- Location within Adair County and the state of Oklahoma
- Coordinates: 36°00′13″N 94°45′01″W﻿ / ﻿36.00361°N 94.75028°W
- Country: United States
- State: Oklahoma
- County: Adair

Area
- • Total: 10.80 sq mi (27.97 km^{2})
- • Land: 10.71 sq mi (27.73 km^{2})
- • Water: 0.089 sq mi (0.23 km^{2})
- Elevation: 981 ft (299 m)

Population (2020)
- • Total: 180
- • Density: 16.8/sq mi (6.49/km^{2})
- Time zone: UTC-6 (Central (CST))
- • Summer (DST): UTC-5 (CDT)
- Zip code: 74457
- FIPS code: 40-60750
- GNIS feature ID: 2584390

= Proctor, Oklahoma =

Unincorporated community in Oklahoma, US

Proctor (ᏓᎪᎲᏂ) is a census-designated place (CDP) in Adair County, Oklahoma, United States. As of the 2020 census, Proctor had a population of 180.

==Geography==
Proctor is located in the valley of the Baron Fork, a tributary of the Illinois River of Oklahoma.

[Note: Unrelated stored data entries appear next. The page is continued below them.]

definition quotient_topology :: "'a topology \<Rightarrow> ('a \<times> 'a) set \<Rightarrow> 'a set topology" where
  "quotient_topology X r =
     topology (\<lambda>U. U \<subseteq> topspace X // r \<and> openin X {x \<in> topspace X. r``{x} \<in> U})"

text \<open>Binary matrices: entries in Z_2 are encoded as bool (True = 1).
Indices range over a finite type 'n, so the matrix is n x n with n = CARD('n).\<close>

text \<open>Bott matrix: conjugate by a permutation matrix to a strictly upper triangular
binary matrix, i.e. there is an enumeration of the indices by 0..n-1 such that every
nonzero entry (i,k) satisfies sigma i < sigma k.\<close>
definition bott_matrix :: "('n::finite \<Rightarrow> 'n \<Rightarrow> bool) \<Rightarrow> bool" where
  "bott_matrix A \<longleftrightarrow> (\<exists>\<sigma> :: 'n \<Rightarrow> nat. bij_betw \<sigma> UNIV {..<CARD('n)} \<and>
      (\<forall>i k. A i k \<longrightarrow> \<sigma> i < \<sigma> k))"

definition sgn01 :: "bool \<Rightarrow> real" where
  "sgn01 b = (if b then -1 else 1)"

definition cube :: "(real^'n) set" where
  "cube = {x. \<forall>i. -1/4 \<le> x$i \<and> x$i \<le> 1/4}"

text \<open>Facet F(i) (sign True) lies in x_i = 1/4, F(-i) (sign False) in x_i = -1/4.\<close>
definition facet :: "'n \<Rightarrow> bool \<Rightarrow> (real^'n) set" where
  "facet i pos = {x \<in> cube. x$i = (if pos then 1/4 else -1/4)}"

text \<open>tau^A_j, which depends only on |j| = i.\<close>
definition tau :: "('n \<Rightarrow> 'n \<Rightarrow> bool) \<Rightarrow> 'n \<Rightarrow> real^'n \<Rightarrow> real^'n" where
  "tau A i x = (\<chi> k. if k = i then - x$i else sgn01 (A i k) * x$k)"

definition seal_rel :: "('n \<Rightarrow> 'n \<Rightarrow> bool) \<Rightarrow> ((real^'n) \<times> (real^'n)) set" where
  "seal_rel A = (let R = {(x, tau A i x) | x i pos. x \<in> facet i pos}
                 in (R \<union> R\<inverse>)\<^sup>*)"

definition seal_space :: "('n \<Rightarrow> 'n \<Rightarrow> bool) \<Rightarrow> (real^'n) set topology" where
  "seal_space A = quotient_topology (subtopology euclidean cube) (seal_rel A)"

definition gen_s :: "('n \<Rightarrow> 'n \<Rightarrow> bool) \<Rightarrow> 'n \<Rightarrow> real^'n \<Rightarrow> real^'n" where
  "gen_s A i x = (\<chi> k. if k = i then x$i + 1/2 else sgn01 (A i k) * x$k)"

inductive_set Gamma :: "('n \<Rightarrow> 'n \<Rightarrow> bool) \<Rightarrow> (real^'n \<Rightarrow> real^'n) set" for A where
  Gamma_id: "id \<in> Gamma A"
| Gamma_gen: "g \<in> Gamma A \<Longrightarrow> gen_s A i \<circ> g \<in> Gamma A"
| Gamma_inv: "g \<in> Gamma A \<Longrightarrow> inv (gen_s A i) \<circ> g \<in> Gamma A"

definition orbit_rel :: "('n \<Rightarrow> 'n \<Rightarrow> bool) \<Rightarrow> ((real^'n) \<times> (real^'n)) set" where
  "orbit_rel A = {(x, g x) | x g. g \<in> Gamma A}"

definition M_space :: "('n \<Rightarrow> 'n \<Rightarrow> bool) \<Rightarrow> (real^'n) set topology" where
  "M_space A = quotient_topology euclidean (orbit_rel A)"

end

theory Submission
  imports Defs
begin

text \<open>
  For a Bott matrix A the cube [-1/4,1/4]^n is a fundamental domain of the
  group Gamma(A), and the gluing of its facets prescribed by A identifies
  exactly those points of the cube that lie in one Gamma(A)-orbit.
\<close>

lemma quotient_topology_istopology:
  "istopology (\<lambda>U. U \<subseteq> topspace X // r \<and> openin X {x \<in> topspace X. r``{x} \<in> U})"
proof -
  have "{x \<in> topspace X. r``{x} \<in> S \<inter> T}
      = {x \<in> topspace X. r``{x} \<in> S} \<inter> {x \<in> topspace X. r``{x} \<in> T}" for S T
    by blast
  moreover have "{x \<in> topspace X. r``{x} \<in> \<Union>K} = (\<Union>U\<in>K. {x \<in> topspace X. r``{x} \<in> U})" for K
    by blast
  ultimately show ?thesis
    unfolding istopology_def by (auto intro: openin_Int openin_Union)
qed

lemma openin_quotient_topology:
  "openin (quotient_topology X r) U \<longleftrightarrow>
     U \<subseteq> topspace X // r \<and> openin X {x \<in> topspace X. r``{x} \<in> U}"
  unfolding quotient_topology_def topology_inverse'[OF quotient_topology_istopology] ..

lemma topspace_quotient_topology: "topspace (quotient_topology X r) = topspace X // r"
proof
  show "topspace (quotient_topology X r) \<subseteq> topspace X // r"
    unfolding topspace_def openin_quotient_topology by blast
  have "{x \<in> topspace X. r``{x} \<in> topspace X // r} = topspace X"
    by (auto intro: quotientI)
  then have "openin (quotient_topology X r) (topspace X // r)"
    unfolding openin_quotient_topology by simp
  then show "topspace X // r \<subseteq> topspace (quotient_topology X r)"
    by (rule openin_subset)
qed
definition formally_real :: "'a::field itself \<Rightarrow> bool" where
  "formally_real _ \<longleftrightarrow> (\<forall>xs::'a list. sum_list (map (\<lambda>x. x ^ 2) xs) \<noteq> - 1)"

definition sum_of_powers :: "nat \<Rightarrow> nat \<Rightarrow> 'a::comm_ring_1 \<Rightarrow> bool" where
  "sum_of_powers m l a \<longleftrightarrow> (\<exists>xs::'a list. length xs = l \<and> a = sum_list (map (\<lambda>x. x ^ m) xs))"

definition has_m_length :: "nat \<Rightarrow> 'a::comm_ring_1 \<Rightarrow> nat \<Rightarrow> bool" where
  "has_m_length m a k \<longleftrightarrow> 0 < k \<and> sum_of_powers m k a \<and> (\<forall>l. 0 < l \<and> l < k \<longrightarrow> \<not> sum_of_powers m l a)"

text \<open>Bivariate polynomials K[x,y] are represented as K[x][y]: type 'a poly poly,
  where the inner polynomials are in x and the outer variable is y.\<close>
definition var_x :: "'a::comm_ring_1 poly poly" where
  "var_x = [: [:0, 1:] :]"

definition var_y :: "'a::comm_ring_1 poly poly" where
  "var_y = [: 0, 1 :]"

definition deg_x :: "'a::zero poly poly \<Rightarrow> nat" where
  "deg_x g = Max ((\<lambda>i. degree (coeff g i)) ` {..degree g})"

end

theory Submission
  imports Defs
begin

text \<open>Write \<open>t = y - x ^ r\<close> and suppose \<open>G = g t ^ (2 s) + 1 = \<Sum>i<l. f\<^sub>i ^ (2 s)\<close>.
  Over a formally real field the leading terms of a sum of even powers cannot cancel, so
  \<open>deg\<^sub>x f\<^sub>i < 2 r\<close>; on the curve \<open>y = x ^ r\<close>, where \<open>G = 1\<close>, every \<open>f\<^sub>i\<close> is a constant
  \<open>c\<^sub>i\<close>. Since a polynomial of \<open>x\<close>-degree below \<open>r\<close> is determined by its restriction to
  the curve, \<open>f\<^sub>i = c\<^sub>i - t p\<^sub>i\<close> with \<open>deg\<^sub>x p\<^sub>i < r\<close>. Expanding in powers of \<open>t\<close>, the
  coefficient \<open>\<Sum>i. c\<^sub>i ^ (2 s - 1) p\<^sub>i\<close> of \<open>t\<close> vanishes on the curve and has \<open>x\<close>-degree
  below \<open>r\<close>, so it is zero; then the coefficient \<open>\<Sum>i. c\<^sub>i ^ (2 s - 2) p\<^sub>i ^ 2\<close> of \<open>t ^ 2\<close>, a
  sum of squares, vanishes on the curve, which forces \<open>p\<^sub>i = 0\<close> whenever \<open>c\<^sub>i \<noteq> 0\<close>.
  Hence \<open>f\<^sub>i ^ (2 s) = c\<^sub>i ^ (2 s) + t ^ (2 s) p\<^sub>i ^ (2 s)\<close>, so \<open>g = \<Sum>i. p\<^sub>i ^ (2 s)\<close>, and
  since some \<open>c\<^sub>j \<noteq> 0\<close> one of these summands is zero: \<open>g\<close> is a sum of \<open>l - 1\<close> powers.\<close>

section \<open>Sums of squares over a formally real field\<close>

lemma formally_real_sum_squares_eq_0:
  assumes fr: "formally_real TYPE('a::field)"
    and sum: "sum_list (map (\<lambda>x. x ^ 2) xs) = (0::'a)" and x: "x \<in> set xs"
  shows "x = 0"
proof (rule ccontr)
  assume "x \<noteq> 0"
  have "sum_list (map (\<lambda>y. y ^ 2) xs) = x ^ 2 + sum_list (map (\<lambda>y. y ^ 2) (remove1 x xs))"
    using x by (rule sum_list_map_remove1)
  with sum have rest: "sum_list (map (\<lambda>y. y ^ 2) (remove1 x xs)) = - (x ^ 2)"
    by (simp add: eq_neg_iff_add_eq_0 add.commute)
  have "sum_list (map (\<lambda>y. (y / x) ^ 2) ys) = sum_list (map (\<lambda>y. y ^ 2) ys) / x ^ 2" for ys
    by (induct ys) (simp_all add: power_divide add_divide_distrib)
  with rest \<open>x \<noteq> 0\<close> have "sum_list (map (\<lambda>y. y ^ 2) (map (\<lambda>y. y / x) (remove1 x xs))) = -1"
    by (simp add: o_def)
  with fr show False
    unfolding formally_real_def by blast
qed

lemma formally_real_of_nat_neq_0:
  assumes "formally_real TYPE('a::field)" and "n > 0"
  shows "(of_nat n :: 'a) \<noteq> 0"
proof
  assume "(of_nat n :: 'a) = 0"
  moreover have "sum_list (map (\<lambda>x. x ^ 2) (replicate n (1::'a))) = of_nat n"
    by (induct n) simp_all
  ultimately show False
    using formally_real_sum_squares_eq_0[OF assms(1), of "replicate n 1" 1] \<open>n > 0\<close> by simp
qed

lemma formally_real_inj_of_nat:
  assumes "formally_real TYPE('a::field)"
  shows "inj (of_nat :: nat \<Rightarrow> 'a)"
proof (rule linorder_injI)
  fix m n :: nat
  assume "m < n"
  then have "(of_nat n :: 'a) - of_nat m = of_nat (n - m)"
    by (simp add: of_nat_diff)
  also have "\<dots> \<noteq> 0"
    using \<open>m < n\<close> by (intro formally_real_of_nat_neq_0[OF assms]) simp
  finally show "(of_nat m :: 'a) \<noteq> of_nat n"
    by (metis eq_iff_diff_eq_0)
qed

U.S. Route 62 runs through the center of the community, leading east 13 mi to Westville and west 14 mi to Tahlequah.

According to the United States Census Bureau, the CDP has a total area of 21.9 km2, of which 21.8 sqkm is land and 0.2 sqkm, or 0.77%, is water.

==Demographics==

Historical population
| Census | Pop. | Note | %± |
| 2010 | 231 |  | — |
| 2020 | 180 |  | −22.1% |
U.S. Decennial Census

===2020 census===

As of the 2020 census, Proctor had a population of 180. The median age was 36.5 years. 22.2% of residents were under the age of 18 and 27.2% of residents were 65 years of age or older. For every 100 females there were 68.2 males, and for every 100 females age 18 and over there were 70.7 males age 18 and over.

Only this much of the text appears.